**What is being asked**
In the data below, find every line with the string "nonempty" and pull it out.

**Data to use**
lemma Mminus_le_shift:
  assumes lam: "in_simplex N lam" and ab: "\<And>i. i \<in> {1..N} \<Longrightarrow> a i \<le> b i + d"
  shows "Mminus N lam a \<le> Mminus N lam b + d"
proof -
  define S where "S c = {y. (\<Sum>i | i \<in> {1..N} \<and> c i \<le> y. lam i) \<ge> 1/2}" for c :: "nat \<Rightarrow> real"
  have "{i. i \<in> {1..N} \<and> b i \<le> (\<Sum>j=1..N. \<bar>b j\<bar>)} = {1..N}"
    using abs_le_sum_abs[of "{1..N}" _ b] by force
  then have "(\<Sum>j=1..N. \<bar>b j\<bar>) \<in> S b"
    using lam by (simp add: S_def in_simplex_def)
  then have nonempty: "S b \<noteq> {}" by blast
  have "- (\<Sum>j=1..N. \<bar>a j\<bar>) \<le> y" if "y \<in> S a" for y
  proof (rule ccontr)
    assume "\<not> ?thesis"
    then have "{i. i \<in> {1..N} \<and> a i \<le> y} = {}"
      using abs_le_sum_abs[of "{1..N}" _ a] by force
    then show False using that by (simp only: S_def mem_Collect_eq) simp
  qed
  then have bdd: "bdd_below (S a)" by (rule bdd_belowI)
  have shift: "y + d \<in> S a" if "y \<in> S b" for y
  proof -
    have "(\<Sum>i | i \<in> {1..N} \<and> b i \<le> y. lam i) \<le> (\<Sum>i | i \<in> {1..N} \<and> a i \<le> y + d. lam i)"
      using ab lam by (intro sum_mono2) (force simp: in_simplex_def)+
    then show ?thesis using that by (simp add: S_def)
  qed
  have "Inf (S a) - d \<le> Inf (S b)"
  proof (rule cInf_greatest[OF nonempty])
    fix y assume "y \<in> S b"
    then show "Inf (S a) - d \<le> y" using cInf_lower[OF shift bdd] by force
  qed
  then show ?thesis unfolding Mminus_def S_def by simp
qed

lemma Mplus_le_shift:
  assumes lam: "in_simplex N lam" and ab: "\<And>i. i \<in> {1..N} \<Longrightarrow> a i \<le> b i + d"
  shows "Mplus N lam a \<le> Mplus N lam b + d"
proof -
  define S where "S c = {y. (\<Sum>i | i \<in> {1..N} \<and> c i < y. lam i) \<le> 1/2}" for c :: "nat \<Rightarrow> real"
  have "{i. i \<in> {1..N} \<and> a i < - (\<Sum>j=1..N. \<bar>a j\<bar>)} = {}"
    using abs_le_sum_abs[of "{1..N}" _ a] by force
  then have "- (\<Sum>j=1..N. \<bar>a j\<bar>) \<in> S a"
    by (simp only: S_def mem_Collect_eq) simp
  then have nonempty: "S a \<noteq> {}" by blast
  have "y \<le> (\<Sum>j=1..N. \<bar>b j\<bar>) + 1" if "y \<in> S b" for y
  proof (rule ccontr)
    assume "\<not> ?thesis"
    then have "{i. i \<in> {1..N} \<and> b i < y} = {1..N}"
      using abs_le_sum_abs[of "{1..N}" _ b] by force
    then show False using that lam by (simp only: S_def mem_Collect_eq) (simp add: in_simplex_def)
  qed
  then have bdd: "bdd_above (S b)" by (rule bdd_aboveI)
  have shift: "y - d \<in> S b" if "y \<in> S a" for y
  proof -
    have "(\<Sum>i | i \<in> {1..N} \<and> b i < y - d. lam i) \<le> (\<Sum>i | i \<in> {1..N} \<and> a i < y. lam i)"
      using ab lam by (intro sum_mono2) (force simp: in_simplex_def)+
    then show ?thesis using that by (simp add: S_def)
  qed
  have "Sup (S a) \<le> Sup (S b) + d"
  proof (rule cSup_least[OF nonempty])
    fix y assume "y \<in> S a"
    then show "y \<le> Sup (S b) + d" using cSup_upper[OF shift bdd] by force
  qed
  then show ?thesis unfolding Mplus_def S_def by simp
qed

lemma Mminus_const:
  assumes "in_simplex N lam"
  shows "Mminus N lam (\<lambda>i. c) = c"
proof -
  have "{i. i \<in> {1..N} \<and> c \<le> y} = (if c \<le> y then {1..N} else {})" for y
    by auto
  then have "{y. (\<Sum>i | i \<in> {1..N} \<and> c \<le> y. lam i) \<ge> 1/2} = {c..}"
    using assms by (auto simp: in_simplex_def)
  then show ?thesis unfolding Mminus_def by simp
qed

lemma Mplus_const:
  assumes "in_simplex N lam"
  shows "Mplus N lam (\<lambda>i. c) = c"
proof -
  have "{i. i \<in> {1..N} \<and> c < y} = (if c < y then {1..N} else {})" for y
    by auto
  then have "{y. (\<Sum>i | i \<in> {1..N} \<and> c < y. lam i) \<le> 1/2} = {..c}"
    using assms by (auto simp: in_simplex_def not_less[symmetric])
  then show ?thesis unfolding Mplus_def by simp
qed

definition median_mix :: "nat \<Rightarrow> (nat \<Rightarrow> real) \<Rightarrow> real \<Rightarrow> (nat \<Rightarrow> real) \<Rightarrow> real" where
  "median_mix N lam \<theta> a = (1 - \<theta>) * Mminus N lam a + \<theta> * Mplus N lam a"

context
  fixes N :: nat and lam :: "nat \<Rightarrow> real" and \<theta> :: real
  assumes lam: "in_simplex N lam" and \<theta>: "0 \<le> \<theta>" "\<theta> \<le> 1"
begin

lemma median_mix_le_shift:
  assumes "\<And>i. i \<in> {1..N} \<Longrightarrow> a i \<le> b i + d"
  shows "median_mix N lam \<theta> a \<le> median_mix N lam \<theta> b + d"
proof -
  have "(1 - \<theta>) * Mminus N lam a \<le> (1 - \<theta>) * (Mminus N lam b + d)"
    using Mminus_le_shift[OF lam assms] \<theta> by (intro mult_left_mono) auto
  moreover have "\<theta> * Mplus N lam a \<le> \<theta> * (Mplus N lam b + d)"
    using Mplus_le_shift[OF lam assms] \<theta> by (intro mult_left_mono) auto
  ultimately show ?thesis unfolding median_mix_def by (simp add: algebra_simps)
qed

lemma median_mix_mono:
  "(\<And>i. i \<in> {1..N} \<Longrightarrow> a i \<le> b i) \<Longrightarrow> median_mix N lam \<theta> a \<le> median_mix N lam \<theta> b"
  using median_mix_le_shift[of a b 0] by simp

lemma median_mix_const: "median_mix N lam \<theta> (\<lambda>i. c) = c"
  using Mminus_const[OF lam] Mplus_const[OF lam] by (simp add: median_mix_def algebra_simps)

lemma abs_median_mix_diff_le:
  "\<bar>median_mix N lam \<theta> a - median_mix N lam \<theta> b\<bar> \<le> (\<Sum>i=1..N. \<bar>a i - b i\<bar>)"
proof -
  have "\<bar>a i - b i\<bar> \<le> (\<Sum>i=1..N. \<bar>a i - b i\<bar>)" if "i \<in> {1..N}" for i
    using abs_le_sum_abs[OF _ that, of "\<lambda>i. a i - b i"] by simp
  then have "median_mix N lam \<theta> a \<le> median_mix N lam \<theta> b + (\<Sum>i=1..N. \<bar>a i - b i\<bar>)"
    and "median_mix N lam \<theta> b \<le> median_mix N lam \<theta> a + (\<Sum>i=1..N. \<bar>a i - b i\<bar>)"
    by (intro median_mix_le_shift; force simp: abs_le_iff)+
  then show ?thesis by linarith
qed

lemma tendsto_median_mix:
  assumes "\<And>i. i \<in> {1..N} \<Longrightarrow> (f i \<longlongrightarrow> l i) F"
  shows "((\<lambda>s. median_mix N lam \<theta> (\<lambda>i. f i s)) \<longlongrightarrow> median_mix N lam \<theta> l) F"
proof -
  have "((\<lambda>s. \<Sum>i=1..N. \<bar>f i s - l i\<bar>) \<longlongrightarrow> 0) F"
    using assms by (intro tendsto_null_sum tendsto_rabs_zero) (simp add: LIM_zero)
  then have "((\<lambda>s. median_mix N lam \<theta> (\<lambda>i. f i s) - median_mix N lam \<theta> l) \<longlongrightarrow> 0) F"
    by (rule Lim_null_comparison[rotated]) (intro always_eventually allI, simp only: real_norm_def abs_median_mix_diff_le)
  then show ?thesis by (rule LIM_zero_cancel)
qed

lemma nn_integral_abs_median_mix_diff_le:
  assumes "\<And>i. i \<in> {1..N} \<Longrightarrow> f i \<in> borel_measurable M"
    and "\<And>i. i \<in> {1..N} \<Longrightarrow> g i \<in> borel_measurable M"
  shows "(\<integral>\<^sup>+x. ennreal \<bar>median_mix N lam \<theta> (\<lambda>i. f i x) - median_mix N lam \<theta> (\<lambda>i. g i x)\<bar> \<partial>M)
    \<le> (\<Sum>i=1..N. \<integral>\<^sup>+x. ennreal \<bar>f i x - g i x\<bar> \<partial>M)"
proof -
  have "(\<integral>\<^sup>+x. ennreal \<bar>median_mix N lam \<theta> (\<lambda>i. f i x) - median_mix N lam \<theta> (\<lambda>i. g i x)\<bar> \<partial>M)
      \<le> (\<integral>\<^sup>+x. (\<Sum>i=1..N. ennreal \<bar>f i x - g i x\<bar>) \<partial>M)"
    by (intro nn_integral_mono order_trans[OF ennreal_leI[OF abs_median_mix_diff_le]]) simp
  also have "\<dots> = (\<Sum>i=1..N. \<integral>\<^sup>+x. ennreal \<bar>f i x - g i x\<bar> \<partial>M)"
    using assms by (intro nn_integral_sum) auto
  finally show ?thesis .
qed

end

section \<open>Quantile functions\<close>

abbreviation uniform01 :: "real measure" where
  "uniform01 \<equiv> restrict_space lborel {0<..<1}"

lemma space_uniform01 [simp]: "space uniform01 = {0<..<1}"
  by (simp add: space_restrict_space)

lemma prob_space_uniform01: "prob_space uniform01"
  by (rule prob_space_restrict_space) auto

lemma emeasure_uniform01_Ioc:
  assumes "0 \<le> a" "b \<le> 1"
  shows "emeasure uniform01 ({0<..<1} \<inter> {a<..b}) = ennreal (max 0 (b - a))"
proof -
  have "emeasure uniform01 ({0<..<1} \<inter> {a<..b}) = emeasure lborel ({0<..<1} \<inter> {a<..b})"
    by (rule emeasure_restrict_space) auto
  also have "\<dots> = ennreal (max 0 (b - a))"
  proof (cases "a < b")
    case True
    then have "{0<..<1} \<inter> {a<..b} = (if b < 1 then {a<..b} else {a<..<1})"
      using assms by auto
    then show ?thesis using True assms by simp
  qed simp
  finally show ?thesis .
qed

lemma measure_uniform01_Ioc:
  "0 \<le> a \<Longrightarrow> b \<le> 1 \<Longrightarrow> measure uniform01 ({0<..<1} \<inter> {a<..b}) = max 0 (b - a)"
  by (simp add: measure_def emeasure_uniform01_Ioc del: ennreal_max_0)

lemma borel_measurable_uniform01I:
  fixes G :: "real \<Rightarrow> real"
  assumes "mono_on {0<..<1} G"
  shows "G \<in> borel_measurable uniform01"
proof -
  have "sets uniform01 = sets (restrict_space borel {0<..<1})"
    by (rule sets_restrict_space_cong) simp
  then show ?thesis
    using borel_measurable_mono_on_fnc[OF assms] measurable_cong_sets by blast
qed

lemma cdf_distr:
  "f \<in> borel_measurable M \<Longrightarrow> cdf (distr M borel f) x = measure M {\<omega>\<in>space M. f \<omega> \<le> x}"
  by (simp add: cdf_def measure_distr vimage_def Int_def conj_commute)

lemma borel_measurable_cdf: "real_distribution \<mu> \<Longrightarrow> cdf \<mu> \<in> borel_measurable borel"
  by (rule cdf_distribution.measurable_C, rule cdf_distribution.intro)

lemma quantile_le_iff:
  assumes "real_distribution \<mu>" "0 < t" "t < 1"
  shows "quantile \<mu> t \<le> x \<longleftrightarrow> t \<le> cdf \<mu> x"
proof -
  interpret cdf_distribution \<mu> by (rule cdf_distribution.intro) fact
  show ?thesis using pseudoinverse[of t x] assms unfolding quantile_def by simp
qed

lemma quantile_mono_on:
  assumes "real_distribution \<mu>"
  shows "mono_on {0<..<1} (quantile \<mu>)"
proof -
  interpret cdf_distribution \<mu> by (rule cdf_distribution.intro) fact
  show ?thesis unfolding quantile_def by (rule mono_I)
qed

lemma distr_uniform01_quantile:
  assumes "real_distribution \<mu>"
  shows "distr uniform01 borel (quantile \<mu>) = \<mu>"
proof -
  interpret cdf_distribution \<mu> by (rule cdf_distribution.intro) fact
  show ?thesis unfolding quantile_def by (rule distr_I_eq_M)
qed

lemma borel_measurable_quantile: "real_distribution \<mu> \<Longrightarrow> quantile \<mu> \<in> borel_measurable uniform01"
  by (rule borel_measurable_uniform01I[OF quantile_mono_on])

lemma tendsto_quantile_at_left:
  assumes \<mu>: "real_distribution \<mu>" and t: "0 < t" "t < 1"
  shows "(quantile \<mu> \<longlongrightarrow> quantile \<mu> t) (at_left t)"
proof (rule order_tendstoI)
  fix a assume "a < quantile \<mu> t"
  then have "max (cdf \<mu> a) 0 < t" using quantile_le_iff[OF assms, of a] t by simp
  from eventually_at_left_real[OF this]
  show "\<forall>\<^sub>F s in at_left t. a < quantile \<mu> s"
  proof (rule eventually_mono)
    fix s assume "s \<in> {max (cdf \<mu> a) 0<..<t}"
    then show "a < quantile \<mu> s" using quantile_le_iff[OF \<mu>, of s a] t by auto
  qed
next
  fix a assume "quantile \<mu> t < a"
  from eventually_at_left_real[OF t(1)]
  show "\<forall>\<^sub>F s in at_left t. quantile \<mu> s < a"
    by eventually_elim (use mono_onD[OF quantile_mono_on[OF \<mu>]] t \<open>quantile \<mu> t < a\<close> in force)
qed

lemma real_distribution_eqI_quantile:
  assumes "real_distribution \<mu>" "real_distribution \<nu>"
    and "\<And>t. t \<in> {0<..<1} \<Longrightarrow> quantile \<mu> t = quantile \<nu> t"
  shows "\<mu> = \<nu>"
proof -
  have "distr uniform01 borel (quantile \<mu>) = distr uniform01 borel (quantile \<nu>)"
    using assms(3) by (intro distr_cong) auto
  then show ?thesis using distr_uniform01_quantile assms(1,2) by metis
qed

**Your response**
  then have nonempty: "S b \<noteq> {}" by blast
  proof (rule cInf_greatest[OF nonempty])
  then have nonempty: "S a \<noteq> {}" by blast
  proof (rule cSup_least[OF nonempty])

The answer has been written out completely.